The problem:
Set down exactly, from the records below, the line with "real ?s \<le> real" through the line with "by (rule real_sqrt_le_mono)", and nothing else.

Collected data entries
__________

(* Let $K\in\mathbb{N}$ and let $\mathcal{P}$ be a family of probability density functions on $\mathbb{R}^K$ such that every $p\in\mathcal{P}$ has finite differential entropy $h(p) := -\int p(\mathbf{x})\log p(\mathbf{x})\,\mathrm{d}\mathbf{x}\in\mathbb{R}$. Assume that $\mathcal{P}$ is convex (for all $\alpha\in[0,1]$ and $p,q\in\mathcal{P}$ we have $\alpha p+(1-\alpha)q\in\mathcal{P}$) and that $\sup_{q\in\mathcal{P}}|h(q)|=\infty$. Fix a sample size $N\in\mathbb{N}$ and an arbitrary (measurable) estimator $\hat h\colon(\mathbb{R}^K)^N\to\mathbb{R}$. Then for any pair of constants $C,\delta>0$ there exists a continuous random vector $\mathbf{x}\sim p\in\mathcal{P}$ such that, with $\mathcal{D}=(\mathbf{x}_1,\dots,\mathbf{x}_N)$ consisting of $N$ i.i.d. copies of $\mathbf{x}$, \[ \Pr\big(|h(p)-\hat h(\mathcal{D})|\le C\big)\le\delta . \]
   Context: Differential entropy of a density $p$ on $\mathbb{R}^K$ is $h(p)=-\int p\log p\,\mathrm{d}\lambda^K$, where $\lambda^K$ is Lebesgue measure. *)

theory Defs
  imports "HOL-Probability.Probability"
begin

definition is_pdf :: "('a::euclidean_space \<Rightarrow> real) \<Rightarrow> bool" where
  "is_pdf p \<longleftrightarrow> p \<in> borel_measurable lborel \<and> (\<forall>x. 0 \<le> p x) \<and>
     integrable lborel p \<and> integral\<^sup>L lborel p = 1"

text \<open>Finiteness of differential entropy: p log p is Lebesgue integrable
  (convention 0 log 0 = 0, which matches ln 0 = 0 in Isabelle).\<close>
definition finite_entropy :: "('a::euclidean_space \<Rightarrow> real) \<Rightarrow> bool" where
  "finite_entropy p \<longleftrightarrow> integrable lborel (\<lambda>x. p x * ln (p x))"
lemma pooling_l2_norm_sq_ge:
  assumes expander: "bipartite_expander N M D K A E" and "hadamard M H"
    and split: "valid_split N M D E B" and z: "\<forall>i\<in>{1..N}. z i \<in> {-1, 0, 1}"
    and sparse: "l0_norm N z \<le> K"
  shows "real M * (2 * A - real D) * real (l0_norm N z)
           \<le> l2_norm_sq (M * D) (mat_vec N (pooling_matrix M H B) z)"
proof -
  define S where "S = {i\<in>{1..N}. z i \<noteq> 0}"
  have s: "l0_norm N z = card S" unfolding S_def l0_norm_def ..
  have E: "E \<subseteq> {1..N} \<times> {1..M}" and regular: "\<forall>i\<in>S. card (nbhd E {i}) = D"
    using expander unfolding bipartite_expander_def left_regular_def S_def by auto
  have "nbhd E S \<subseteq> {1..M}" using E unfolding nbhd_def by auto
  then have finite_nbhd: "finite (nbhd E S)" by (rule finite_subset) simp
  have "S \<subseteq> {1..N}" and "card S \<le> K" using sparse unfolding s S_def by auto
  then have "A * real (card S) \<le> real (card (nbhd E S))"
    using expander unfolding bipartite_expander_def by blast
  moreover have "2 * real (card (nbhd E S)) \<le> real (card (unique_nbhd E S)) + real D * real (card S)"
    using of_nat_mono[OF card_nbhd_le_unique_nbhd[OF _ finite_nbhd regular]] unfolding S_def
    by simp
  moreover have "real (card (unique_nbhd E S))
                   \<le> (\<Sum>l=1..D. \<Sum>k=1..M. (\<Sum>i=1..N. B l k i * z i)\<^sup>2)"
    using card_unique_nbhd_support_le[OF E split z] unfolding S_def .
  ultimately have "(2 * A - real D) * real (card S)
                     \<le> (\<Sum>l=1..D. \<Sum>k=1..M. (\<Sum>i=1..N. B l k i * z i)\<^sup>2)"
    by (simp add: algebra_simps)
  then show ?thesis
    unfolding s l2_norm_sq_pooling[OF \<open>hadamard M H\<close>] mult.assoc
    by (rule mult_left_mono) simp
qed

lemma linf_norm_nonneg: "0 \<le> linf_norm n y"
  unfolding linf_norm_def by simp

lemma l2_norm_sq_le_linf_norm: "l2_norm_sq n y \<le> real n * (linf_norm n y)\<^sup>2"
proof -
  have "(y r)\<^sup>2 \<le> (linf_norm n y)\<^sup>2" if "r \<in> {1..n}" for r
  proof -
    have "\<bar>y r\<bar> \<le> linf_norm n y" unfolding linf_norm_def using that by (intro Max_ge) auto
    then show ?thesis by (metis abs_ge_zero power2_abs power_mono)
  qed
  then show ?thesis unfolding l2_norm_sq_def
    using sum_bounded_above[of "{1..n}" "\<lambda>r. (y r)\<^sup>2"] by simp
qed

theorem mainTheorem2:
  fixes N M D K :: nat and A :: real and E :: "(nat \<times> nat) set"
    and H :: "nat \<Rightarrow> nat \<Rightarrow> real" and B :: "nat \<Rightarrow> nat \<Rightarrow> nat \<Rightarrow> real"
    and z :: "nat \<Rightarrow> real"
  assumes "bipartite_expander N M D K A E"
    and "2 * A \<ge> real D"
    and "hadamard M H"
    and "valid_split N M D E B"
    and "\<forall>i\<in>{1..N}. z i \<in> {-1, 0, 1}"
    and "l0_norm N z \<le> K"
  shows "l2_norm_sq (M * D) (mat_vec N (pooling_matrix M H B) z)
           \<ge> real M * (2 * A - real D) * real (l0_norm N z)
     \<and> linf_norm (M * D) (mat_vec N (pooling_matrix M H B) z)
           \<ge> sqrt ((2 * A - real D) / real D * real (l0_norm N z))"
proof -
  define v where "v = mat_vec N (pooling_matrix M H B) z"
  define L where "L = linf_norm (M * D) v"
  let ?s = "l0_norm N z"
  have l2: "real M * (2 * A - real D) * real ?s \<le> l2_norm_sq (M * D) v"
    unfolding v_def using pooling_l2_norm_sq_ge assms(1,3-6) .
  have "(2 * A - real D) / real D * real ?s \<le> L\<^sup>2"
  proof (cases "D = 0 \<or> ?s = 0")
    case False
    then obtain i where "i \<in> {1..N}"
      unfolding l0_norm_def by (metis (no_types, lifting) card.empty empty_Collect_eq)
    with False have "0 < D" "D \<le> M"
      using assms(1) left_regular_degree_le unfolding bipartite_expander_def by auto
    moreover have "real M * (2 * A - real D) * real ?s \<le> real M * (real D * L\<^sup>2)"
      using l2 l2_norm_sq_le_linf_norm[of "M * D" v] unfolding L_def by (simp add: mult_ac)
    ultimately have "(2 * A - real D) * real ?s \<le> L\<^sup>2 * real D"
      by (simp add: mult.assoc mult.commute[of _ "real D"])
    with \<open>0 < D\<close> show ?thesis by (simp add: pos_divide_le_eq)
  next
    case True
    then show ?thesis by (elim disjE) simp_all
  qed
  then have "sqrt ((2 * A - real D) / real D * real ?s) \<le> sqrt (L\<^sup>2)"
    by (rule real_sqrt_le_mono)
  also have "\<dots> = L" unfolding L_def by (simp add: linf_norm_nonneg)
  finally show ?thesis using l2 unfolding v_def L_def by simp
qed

__________

Finished task:
    moreover have "real M * (2 * A - real D) * real ?s \<le> real M * (real D * L\<^sup>2)"
      using l2 l2_norm_sq_le_linf_norm[of "M * D" v] unfolding L_def by (simp add: mult_ac)
    ultimately have "(2 * A - real D) * real ?s \<le> L\<^sup>2 * real D"
      by (simp add: mult.assoc mult.commute[of _ "real D"])
    with \<open>0 < D\<close> show ?thesis by (simp add: pos_divide_le_eq)
  next
    case True
    then show ?thesis by (elim disjE) simp_all
  qed
  then have "sqrt ((2 * A - real D) / real D * real ?s) \<le> sqrt (L\<^sup>2)"
    by (rule real_sqrt_le_mono)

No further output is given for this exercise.